Dataset records below:
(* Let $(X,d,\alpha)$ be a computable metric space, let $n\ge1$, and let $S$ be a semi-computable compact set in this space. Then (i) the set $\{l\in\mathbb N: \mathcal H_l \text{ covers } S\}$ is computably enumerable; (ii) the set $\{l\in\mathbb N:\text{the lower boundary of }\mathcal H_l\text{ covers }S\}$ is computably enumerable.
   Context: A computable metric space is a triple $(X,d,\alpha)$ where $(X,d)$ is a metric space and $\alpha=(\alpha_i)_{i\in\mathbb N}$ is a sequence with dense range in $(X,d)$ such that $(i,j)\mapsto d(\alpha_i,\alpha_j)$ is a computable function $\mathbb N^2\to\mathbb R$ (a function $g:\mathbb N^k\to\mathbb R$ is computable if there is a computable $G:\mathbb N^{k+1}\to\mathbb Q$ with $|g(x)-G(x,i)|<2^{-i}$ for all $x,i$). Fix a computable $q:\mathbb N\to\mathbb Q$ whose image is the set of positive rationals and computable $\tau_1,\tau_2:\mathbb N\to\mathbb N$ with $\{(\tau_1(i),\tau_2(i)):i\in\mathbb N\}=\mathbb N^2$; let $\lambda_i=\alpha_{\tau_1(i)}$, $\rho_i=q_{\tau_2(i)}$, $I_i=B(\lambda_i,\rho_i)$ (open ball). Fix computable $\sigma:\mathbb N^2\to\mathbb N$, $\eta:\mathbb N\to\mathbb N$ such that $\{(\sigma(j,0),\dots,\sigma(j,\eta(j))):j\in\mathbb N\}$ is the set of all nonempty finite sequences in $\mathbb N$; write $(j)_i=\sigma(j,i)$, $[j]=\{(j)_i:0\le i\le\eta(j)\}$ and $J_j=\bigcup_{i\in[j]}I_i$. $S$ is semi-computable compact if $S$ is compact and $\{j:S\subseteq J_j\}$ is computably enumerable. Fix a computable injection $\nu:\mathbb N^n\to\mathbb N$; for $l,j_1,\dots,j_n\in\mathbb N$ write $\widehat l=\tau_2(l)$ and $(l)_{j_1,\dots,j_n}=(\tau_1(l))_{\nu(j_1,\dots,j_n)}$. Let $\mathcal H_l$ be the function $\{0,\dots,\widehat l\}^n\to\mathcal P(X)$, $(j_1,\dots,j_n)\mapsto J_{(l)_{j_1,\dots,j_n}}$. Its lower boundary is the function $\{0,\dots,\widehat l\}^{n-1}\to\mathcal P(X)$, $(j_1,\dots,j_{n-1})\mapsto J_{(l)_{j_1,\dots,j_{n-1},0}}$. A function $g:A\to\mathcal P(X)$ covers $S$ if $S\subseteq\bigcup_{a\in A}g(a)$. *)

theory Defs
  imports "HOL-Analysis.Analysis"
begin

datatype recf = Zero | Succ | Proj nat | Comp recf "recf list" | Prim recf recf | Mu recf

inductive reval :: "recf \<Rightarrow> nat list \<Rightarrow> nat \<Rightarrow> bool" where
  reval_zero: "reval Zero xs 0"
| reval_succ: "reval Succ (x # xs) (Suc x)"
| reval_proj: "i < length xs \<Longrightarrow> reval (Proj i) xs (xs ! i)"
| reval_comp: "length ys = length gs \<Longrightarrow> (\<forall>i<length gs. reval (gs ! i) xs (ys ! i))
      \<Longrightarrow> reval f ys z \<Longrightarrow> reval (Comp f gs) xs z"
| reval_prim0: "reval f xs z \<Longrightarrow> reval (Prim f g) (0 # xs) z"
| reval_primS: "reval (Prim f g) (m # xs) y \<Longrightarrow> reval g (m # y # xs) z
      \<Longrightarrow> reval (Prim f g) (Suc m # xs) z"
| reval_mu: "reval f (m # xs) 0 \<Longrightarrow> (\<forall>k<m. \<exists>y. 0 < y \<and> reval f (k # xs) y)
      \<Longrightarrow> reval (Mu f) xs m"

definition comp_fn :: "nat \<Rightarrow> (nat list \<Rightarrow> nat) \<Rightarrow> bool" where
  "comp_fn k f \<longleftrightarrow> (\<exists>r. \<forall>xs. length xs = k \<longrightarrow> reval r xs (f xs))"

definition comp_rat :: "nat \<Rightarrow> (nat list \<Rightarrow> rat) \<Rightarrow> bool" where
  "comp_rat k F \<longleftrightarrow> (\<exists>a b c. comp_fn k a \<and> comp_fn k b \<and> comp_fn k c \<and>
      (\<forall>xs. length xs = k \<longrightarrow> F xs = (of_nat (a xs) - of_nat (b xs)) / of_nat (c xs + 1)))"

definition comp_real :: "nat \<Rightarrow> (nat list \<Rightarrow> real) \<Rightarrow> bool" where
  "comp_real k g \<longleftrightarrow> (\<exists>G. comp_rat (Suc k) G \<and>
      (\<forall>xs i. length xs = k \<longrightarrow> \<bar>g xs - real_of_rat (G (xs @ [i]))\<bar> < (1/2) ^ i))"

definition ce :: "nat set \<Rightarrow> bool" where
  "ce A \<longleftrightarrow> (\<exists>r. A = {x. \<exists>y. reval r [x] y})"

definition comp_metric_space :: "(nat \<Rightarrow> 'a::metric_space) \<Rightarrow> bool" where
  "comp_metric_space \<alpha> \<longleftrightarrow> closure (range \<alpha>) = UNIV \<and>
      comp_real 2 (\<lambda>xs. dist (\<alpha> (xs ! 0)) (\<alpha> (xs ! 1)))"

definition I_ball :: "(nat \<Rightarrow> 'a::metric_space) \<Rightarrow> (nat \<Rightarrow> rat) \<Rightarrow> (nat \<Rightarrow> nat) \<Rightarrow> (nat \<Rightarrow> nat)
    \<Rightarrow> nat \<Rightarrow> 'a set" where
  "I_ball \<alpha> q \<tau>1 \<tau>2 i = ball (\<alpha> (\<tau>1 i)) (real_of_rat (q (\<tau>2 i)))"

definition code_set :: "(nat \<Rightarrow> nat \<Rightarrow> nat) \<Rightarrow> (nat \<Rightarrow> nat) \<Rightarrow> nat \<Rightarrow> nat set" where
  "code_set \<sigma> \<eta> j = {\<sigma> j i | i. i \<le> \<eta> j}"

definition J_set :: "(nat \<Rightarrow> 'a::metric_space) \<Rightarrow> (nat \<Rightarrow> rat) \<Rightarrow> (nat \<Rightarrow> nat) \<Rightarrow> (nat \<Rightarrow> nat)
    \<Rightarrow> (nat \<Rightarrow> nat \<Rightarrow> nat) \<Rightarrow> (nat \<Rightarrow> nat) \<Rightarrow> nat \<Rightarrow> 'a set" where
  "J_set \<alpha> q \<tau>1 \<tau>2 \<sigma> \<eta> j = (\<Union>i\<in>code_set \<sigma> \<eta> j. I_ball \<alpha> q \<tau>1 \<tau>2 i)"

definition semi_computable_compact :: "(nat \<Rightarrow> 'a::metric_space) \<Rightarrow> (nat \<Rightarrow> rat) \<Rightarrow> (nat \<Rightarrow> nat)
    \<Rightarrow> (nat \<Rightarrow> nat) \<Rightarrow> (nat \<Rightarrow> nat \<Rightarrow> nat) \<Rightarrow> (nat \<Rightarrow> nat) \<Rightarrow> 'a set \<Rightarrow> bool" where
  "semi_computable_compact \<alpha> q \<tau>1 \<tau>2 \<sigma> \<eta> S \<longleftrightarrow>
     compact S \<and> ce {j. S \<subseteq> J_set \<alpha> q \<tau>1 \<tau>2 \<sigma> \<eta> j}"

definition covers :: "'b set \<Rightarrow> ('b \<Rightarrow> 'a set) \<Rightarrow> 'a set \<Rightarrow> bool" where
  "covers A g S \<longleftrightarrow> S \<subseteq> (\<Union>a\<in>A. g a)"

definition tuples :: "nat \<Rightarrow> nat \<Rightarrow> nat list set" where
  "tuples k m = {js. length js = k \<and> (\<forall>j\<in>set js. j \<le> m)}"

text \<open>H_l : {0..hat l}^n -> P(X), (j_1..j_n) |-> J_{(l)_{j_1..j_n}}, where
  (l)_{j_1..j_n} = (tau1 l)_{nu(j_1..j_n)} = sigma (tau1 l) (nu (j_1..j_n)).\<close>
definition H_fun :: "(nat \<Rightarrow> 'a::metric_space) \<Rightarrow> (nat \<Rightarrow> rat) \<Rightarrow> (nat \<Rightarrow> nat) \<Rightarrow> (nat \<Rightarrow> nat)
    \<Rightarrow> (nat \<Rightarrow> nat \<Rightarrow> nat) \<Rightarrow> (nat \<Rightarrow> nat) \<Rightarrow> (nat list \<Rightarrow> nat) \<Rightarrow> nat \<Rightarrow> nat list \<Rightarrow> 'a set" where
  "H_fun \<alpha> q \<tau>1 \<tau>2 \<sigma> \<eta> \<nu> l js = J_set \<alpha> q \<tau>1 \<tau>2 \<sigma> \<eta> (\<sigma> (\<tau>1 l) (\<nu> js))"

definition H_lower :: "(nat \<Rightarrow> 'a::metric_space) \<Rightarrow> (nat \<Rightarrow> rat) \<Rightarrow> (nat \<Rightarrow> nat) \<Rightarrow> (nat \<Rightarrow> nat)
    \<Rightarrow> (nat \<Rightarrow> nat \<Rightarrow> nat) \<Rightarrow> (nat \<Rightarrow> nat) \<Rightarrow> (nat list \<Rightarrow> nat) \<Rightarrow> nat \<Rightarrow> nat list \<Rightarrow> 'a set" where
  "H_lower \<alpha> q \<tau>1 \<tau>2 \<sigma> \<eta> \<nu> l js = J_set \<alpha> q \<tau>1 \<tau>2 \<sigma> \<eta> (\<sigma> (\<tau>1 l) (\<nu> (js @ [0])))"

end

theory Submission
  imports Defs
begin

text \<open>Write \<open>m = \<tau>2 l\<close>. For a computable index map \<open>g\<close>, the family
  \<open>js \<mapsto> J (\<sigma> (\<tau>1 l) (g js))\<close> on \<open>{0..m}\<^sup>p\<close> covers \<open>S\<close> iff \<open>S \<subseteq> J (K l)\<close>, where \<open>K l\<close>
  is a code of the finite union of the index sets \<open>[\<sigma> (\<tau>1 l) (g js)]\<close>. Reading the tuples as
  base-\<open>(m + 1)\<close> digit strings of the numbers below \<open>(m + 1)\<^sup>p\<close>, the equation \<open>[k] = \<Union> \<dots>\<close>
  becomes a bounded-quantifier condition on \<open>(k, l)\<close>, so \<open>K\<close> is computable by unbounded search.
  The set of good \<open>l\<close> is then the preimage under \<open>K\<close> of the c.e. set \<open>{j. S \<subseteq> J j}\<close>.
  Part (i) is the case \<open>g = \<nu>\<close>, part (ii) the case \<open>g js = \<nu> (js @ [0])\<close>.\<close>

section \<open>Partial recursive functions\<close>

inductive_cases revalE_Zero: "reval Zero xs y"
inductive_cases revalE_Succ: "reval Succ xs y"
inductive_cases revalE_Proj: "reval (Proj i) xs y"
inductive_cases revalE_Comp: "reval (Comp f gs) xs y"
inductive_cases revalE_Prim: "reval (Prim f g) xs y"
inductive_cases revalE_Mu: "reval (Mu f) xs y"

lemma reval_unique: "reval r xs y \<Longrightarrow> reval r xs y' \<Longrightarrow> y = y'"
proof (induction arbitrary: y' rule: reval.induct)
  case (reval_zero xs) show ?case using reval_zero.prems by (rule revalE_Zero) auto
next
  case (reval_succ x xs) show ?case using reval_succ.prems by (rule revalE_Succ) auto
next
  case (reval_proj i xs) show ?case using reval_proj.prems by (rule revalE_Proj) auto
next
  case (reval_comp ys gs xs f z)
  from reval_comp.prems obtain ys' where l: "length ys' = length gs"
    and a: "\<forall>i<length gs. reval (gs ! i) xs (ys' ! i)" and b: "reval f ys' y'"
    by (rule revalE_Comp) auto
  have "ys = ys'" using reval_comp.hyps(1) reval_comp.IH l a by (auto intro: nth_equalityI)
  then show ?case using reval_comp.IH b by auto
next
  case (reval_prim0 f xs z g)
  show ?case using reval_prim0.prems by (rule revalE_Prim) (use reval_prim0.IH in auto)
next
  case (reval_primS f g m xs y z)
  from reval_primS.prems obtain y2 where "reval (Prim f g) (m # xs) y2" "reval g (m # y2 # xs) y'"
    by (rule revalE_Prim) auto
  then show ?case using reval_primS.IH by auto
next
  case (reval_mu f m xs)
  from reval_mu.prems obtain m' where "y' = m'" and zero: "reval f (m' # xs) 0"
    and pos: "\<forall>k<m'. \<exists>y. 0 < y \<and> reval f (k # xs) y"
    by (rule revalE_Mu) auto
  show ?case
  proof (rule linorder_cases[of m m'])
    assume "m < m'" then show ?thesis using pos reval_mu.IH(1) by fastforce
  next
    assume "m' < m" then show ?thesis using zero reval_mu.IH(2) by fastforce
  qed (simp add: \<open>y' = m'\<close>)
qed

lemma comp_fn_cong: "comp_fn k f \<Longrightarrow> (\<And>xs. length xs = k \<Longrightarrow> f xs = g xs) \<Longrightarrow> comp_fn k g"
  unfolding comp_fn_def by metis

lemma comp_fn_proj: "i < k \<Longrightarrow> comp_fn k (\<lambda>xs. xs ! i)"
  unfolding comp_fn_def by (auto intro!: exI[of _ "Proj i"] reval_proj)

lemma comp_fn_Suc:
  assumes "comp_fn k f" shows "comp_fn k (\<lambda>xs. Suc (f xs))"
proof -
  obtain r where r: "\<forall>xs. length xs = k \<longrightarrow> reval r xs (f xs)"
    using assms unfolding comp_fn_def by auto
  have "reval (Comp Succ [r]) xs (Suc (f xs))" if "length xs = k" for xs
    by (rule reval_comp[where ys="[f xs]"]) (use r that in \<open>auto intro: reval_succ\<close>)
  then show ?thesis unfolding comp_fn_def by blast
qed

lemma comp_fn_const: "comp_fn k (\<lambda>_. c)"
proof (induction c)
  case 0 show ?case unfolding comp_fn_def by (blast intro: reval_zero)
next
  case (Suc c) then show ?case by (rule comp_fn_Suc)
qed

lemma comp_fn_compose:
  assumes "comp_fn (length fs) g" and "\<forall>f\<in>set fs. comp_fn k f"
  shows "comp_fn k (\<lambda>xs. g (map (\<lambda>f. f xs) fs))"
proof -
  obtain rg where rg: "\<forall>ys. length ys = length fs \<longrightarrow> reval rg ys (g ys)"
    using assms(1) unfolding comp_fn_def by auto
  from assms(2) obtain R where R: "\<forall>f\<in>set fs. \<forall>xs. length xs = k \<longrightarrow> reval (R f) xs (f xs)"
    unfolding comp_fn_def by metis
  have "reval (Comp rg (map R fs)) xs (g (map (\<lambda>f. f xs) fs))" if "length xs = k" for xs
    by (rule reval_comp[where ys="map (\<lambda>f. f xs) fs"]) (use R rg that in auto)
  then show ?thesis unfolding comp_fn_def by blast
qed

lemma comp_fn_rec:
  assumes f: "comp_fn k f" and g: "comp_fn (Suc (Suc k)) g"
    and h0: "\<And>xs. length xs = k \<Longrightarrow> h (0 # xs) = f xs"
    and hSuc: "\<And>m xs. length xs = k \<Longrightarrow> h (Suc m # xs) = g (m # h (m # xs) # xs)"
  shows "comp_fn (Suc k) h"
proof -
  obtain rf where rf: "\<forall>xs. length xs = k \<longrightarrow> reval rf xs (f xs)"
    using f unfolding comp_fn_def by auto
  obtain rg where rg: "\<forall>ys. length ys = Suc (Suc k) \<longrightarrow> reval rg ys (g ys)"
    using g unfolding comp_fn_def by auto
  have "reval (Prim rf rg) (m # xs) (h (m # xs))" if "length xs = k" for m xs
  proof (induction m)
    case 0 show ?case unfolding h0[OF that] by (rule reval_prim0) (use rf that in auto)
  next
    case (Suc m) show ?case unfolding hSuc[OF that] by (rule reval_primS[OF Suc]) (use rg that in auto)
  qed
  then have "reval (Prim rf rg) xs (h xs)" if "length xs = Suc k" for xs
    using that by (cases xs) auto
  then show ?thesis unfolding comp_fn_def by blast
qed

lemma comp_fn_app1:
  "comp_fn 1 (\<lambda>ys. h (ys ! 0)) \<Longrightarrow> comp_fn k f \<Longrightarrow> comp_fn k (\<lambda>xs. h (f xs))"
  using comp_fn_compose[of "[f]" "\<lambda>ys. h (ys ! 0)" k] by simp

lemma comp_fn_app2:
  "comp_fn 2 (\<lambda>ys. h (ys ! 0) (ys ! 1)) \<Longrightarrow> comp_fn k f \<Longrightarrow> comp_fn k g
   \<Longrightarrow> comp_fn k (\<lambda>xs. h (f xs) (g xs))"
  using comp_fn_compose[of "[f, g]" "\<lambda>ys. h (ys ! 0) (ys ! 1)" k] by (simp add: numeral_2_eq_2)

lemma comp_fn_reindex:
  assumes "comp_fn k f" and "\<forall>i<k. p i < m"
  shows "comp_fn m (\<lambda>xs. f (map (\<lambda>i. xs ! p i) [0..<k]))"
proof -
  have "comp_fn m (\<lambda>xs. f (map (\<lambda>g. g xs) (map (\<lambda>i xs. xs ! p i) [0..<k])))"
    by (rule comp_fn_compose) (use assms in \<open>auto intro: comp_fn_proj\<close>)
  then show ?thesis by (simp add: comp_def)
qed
End of Dataset records.
_Description of the task_
What lines of the data contain the string "have"? List them.

_Solution to this task_
  have "ys = ys'" using reval_comp.hyps(1) reval_comp.IH l a by (auto intro: nth_equalityI)
  have "reval (Comp Succ [r]) xs (Suc (f xs))" if "length xs = k" for xs
  have "reval (Comp rg (map R fs)) xs (g (map (\<lambda>f. f xs) fs))" if "length xs = k" for xs
  have "reval (Prim rf rg) (m # xs) (h (m # xs))" if "length xs = k" for m xs
  then have "reval (Prim rf rg) xs (h xs)" if "length xs = Suc k" for xs
  have "comp_fn m (\<lambda>xs. f (map (\<lambda>g. g xs) (map (\<lambda>i xs. xs ! p i) [0..<k])))"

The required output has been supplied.